WHAT TO DO:
Exactly the lines from the one containing "interpret M: prob_space M by fact" through the end of the data below are to be reproduced, and nothing besides them.

DATA TO USE:
lemma borel_measurable_measure_atLeast:
  fixes H :: "real measure"
  assumes "finite_measure H" "sets H = sets borel"
  shows "(\<lambda>c. measure H {c..}) \<in> borel_measurable borel"
proof -
  interpret finite_measure H by fact
  have "antimono (\<lambda>c. measure H {c..})"
    using assms(2) by (intro antimonoI finite_measure_mono) auto
  then have "(\<lambda>c. - measure H {c..}) \<in> borel_measurable borel"
    by (intro borel_measurable_mono) (simp add: antimono_def monotone_on_def)
  then show ?thesis
    using borel_measurable_uminus[of "\<lambda>c. - measure H {c..}" borel] by simp
qed

lemma emeasure_convolution_atLeast_symmetric:
  fixes M H :: "real measure"
  assumes "prob_space M" and sM: "sets M = sets borel" and sym: "distr M borel uminus = M"
    and "prob_space H" and sH: "sets H = sets borel"
  shows "emeasure (M \<star> H) {\<delta>..} + emeasure (M \<star> H) {\<delta>..}
    = (\<integral>\<^sup>+x. ennreal (measure H {\<delta> - x..} + measure H {\<delta> + x..}) \<partial>M)"
proof -
  interpret M: prob_space M by fact
  interpret H: prob_space H by fact
  have [measurable_cong]: "sets M = sets borel" by fact
  have [measurable]: "(\<lambda>c. measure H {c..}) \<in> borel_measurable borel"
    by (rule borel_measurable_measure_atLeast[OF H.finite_measure_axioms sH])
  have "emeasure (M \<star> H) {\<delta>..} = (\<integral>\<^sup>+x. emeasure H {a. a + x \<in> {\<delta>..}} \<partial>M)"
    using sM sH sets_eq_imp_space_eq[OF sM] sets_eq_imp_space_eq[OF sH]
    by (intro convolution_emeasure) (auto intro: M.finite_measure_axioms H.finite_measure_axioms)
  also have "\<dots> = (\<integral>\<^sup>+x. ennreal (measure H {\<delta> - x..}) \<partial>M)"
    by (intro nn_integral_cong) (auto simp: H.emeasure_eq_measure intro!: arg_cong[where f = "measure H"])
  finally have minus: "emeasure (M \<star> H) {\<delta>..} = (\<integral>\<^sup>+x. ennreal (measure H {\<delta> - x..}) \<partial>M)" .
  have "(\<integral>\<^sup>+x. ennreal (measure H {\<delta> - x..}) \<partial>M)
      = (\<integral>\<^sup>+x. ennreal (measure H {\<delta> - x..}) \<partial>distr M borel uminus)"
    by (simp add: sym)
  then have plus: "emeasure (M \<star> H) {\<delta>..} = (\<integral>\<^sup>+x. ennreal (measure H {\<delta> + x..}) \<partial>M)"
    by (simp add: minus nn_integral_distr)
  have "emeasure (M \<star> H) {\<delta>..} + emeasure (M \<star> H) {\<delta>..}
      = (\<integral>\<^sup>+x. ennreal (measure H {\<delta> - x..}) \<partial>M) + (\<integral>\<^sup>+x. ennreal (measure H {\<delta> + x..}) \<partial>M)"
    using minus plus by simp
  also have "\<dots> = (\<integral>\<^sup>+x. ennreal (measure H {\<delta> - x..} + measure H {\<delta> + x..}) \<partial>M)"
    by (subst nn_integral_add[symmetric]) auto
  finally show ?thesis .
qed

RESPONSE:
  interpret M: prob_space M by fact
  interpret H: prob_space H by fact
  have [measurable_cong]: "sets M = sets borel" by fact
  have [measurable]: "(\<lambda>c. measure H {c..}) \<in> borel_measurable borel"
    by (rule borel_measurable_measure_atLeast[OF H.finite_measure_axioms sH])
  have "emeasure (M \<star> H) {\<delta>..} = (\<integral>\<^sup>+x. emeasure H {a. a + x \<in> {\<delta>..}} \<partial>M)"
    using sM sH sets_eq_imp_space_eq[OF sM] sets_eq_imp_space_eq[OF sH]
    by (intro convolution_emeasure) (auto intro: M.finite_measure_axioms H.finite_measure_axioms)
  also have "\<dots> = (\<integral>\<^sup>+x. ennreal (measure H {\<delta> - x..}) \<partial>M)"
    by (intro nn_integral_cong) (auto simp: H.emeasure_eq_measure intro!: arg_cong[where f = "measure H"])
  finally have minus: "emeasure (M \<star> H) {\<delta>..} = (\<integral>\<^sup>+x. ennreal (measure H {\<delta> - x..}) \<partial>M)" .
  have "(\<integral>\<^sup>+x. ennreal (measure H {\<delta> - x..}) \<partial>M)
      = (\<integral>\<^sup>+x. ennreal (measure H {\<delta> - x..}) \<partial>distr M borel uminus)"
    by (simp add: sym)
  then have plus: "emeasure (M \<star> H) {\<delta>..} = (\<integral>\<^sup>+x. ennreal (measure H {\<delta> + x..}) \<partial>M)"
    by (simp add: minus nn_integral_distr)
  have "emeasure (M \<star> H) {\<delta>..} + emeasure (M \<star> H) {\<delta>..}
      = (\<integral>\<^sup>+x. ennreal (measure H {\<delta> - x..}) \<partial>M) + (\<integral>\<^sup>+x. ennreal (measure H {\<delta> + x..}) \<partial>M)"
    using minus plus by simp
  also have "\<dots> = (\<integral>\<^sup>+x. ennreal (measure H {\<delta> - x..} + measure H {\<delta> + x..}) \<partial>M)"
    by (subst nn_integral_add[symmetric]) auto
  finally show ?thesis .
qed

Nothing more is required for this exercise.